**Your task**
Where the string "open" occurs in a line of the data below, that line should be copied.
(Beginning of Materials provided)
lemma P1_linear_part_add:
  assumes "a \<in> carrier R" "b \<in> carrier R" "c \<in> carrier R" "x \<in> carrier R" "y \<in> carrier R"
  shows "P1_linear_part a b c (x \<oplus> y) = P1_linear_part a b c x \<oplus> P1_linear_part a b c y"
proof -
  have "Tr (c [^] q \<otimes> (x \<oplus> y)) = Tr (c [^] q \<otimes> x) \<oplus> Tr (c [^] q \<otimes> y)"
    using assms by (simp add: r_distr Tr_add)
  then show ?thesis using assms by (simp add: P1_linear_part_def square_add r_distr a_ac)
qed

lemma planar_P1_iff_kernel:
  assumes a: "a \<in> carrier R" and b: "b \<in> carrier R"
  shows "planar R (P1 a b) \<longleftrightarrow>
    (\<forall>c\<in>carrier R - {\<zero>}. \<forall>x\<in>carrier R. P1_linear_part a b c x = \<zero> \<longrightarrow> x = \<zero>)"
  unfolding planar_def
proof (intro ball_cong refl)
  fix c assume "c \<in> carrier R - {\<zero>}"
  then have c: "c \<in> carrier R" by blast
  have "bij_betw (\<lambda>x. P1 a b (x \<oplus> c) \<oplus> P1 a b x \<oplus> c \<otimes> x) (carrier R) (carrier R)
    \<longleftrightarrow> bij_betw (\<lambda>x. P1 a b c \<oplus> P1_linear_part a b c x) (carrier R) (carrier R)"
    by (rule bij_betw_cong) (simp add: P1_difference a b c)
  also have "\<dots> \<longleftrightarrow> (\<forall>x\<in>carrier R. P1_linear_part a b c x = \<zero> \<longrightarrow> x = \<zero>)"
    using a b c by (intro bij_betw_add_additive_iff finite_carrier)
      (simp_all add: P1_eq_Nm P1_linear_part_closed P1_linear_part_add)
  finally show "bij_betw (\<lambda>x. P1 a b (x \<oplus> c) \<oplus> P1 a b x \<oplus> c \<otimes> x) (carrier R) (carrier R)
    \<longleftrightarrow> (\<forall>x\<in>carrier R. P1_linear_part a b c x = \<zero> \<longrightarrow> x = \<zero>)" .
qed

text \<open>On the kernel, t = Tr (c^q x) lies in the subfield and the equation reads
  c x = t (a + b t); conversely every such t = k yields the kernel element x = k (a + b k) / c.\<close>
lemma Tr_eq_one_if_P1_linear_part_eq_zero:
  assumes a: "a \<in> carrier R" and b: "b \<in> carrier R" and c: "c \<in> carrier R" "c \<noteq> \<zero>"
    and x: "x \<in> carrier R" "x \<noteq> \<zero>" and L: "P1_linear_part a b c x = \<zero>"
  shows "Tr (c [^] q \<otimes> x) \<in> Fq - {\<zero>}"
    and "Tr (c [^] (q - 1) \<otimes> (a \<oplus> b \<otimes> Tr (c [^] q \<otimes> x))) = \<one>"
proof -
  define t where "t = Tr (c [^] q \<otimes> x)"
  have t: "t \<in> Fq" "t \<in> carrier R" using c x Tr_in_Fq by (simp_all add: t_def)
  have "a \<otimes> t \<oplus> b \<otimes> t [^] (2::nat) = c \<otimes> x"
    using L a b c x t by (simp add: P1_linear_part_def t_def add_eq_zero_iff)
  then have cx: "c \<otimes> x = t \<otimes> (a \<oplus> b \<otimes> t)"
    using a b t by (simp add: numeral_2_eq_2) algebra
  have "t \<noteq> \<zero>" using cx x c a b integral_iff by auto
  then show "Tr (c [^] q \<otimes> x) \<in> Fq - {\<zero>}" using t by (simp add: t_def)
  have v: "c [^] (q - 1) \<in> carrier R" using c by simp
  have "c [^] q \<otimes> x = c [^] (q - 1) \<otimes> (c \<otimes> x)" using c x by (simp add: pow_q_eq_mult m_assoc)
  also have "\<dots> = t \<otimes> (c [^] (q - 1) \<otimes> (a \<oplus> b \<otimes> t))" unfolding cx using a b t v by algebra
  finally have "t = Tr (t \<otimes> (c [^] (q - 1) \<otimes> (a \<oplus> b \<otimes> t)))" by (simp add: t_def)
  then have "t \<otimes> \<one> = t \<otimes> Tr (c [^] (q - 1) \<otimes> (a \<oplus> b \<otimes> t))"
    using a b t v by (simp add: Tr_mult_Fq)
  moreover have "Tr (c [^] (q - 1) \<otimes> (a \<oplus> b \<otimes> t)) \<in> carrier R" using a b t v by simp
  ultimately show "Tr (c [^] (q - 1) \<otimes> (a \<oplus> b \<otimes> Tr (c [^] q \<otimes> x))) = \<one>"
    using m_lcancel[OF \<open>t \<noteq> \<zero>\<close> t(2)] unfolding t_def by (metis one_closed)
qed

lemma P1_linear_part_eq_zero_if_Tr_eq_one:
  assumes a: "a \<in> carrier R" and b: "b \<in> carrier R" and c: "c \<in> carrier R" "c \<noteq> \<zero>"
    and k: "k \<in> Fq" and T: "Tr (c [^] (q - 1) \<otimes> (a \<oplus> b \<otimes> k)) = \<one>"
  defines "x \<equiv> inv c \<otimes> (k \<otimes> (a \<oplus> b \<otimes> k))"
  shows "Tr (c [^] q \<otimes> x) = k" and "P1_linear_part a b c x = \<zero>"
proof -
  have kc: "k \<in> carrier R" using k Fq_subset by blast
  have ci: "inv c \<in> carrier R" "c \<otimes> inv c = \<one>" using c by (simp_all add: nonzero_inverse)
  have xc: "x \<in> carrier R" using ci a b kc by (simp add: x_def)
  have cx: "c \<otimes> x = k \<otimes> (a \<oplus> b \<otimes> k)"
    using ci a b c kc by (simp add: x_def m_assoc[symmetric])
  have v: "c [^] (q - 1) \<in> carrier R" using c by simp
  have "c [^] q \<otimes> x = c [^] (q - 1) \<otimes> (c \<otimes> x)" using c xc by (simp add: pow_q_eq_mult m_assoc)
  also have "\<dots> = k \<otimes> (c [^] (q - 1) \<otimes> (a \<oplus> b \<otimes> k))" unfolding cx using a b kc v by algebra
  finally show t: "Tr (c [^] q \<otimes> x) = k" using a b c kc k T by (simp add: Tr_mult_Fq)
  have "k [^] (2::nat) = k \<otimes> k" using kc by (simp add: numeral_2_eq_2)
  then have "P1_linear_part a b c x = (a \<otimes> k \<oplus> a \<otimes> k) \<oplus> (b \<otimes> (k \<otimes> k) \<oplus> b \<otimes> (k \<otimes> k))"
    using a b kc unfolding P1_linear_part_def t cx by algebra
  then show "P1_linear_part a b c x = \<zero>" using a b kc by simp
qed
(End of Materials provided)
**Written response**
text \<open>On the kernel, t = Tr (c^q x) lies in the subfield and the equation reads
    using m_lcancel[OF \<open>t \<noteq> \<zero>\<close> t(2)] unfolding t_def by (metis one_closed)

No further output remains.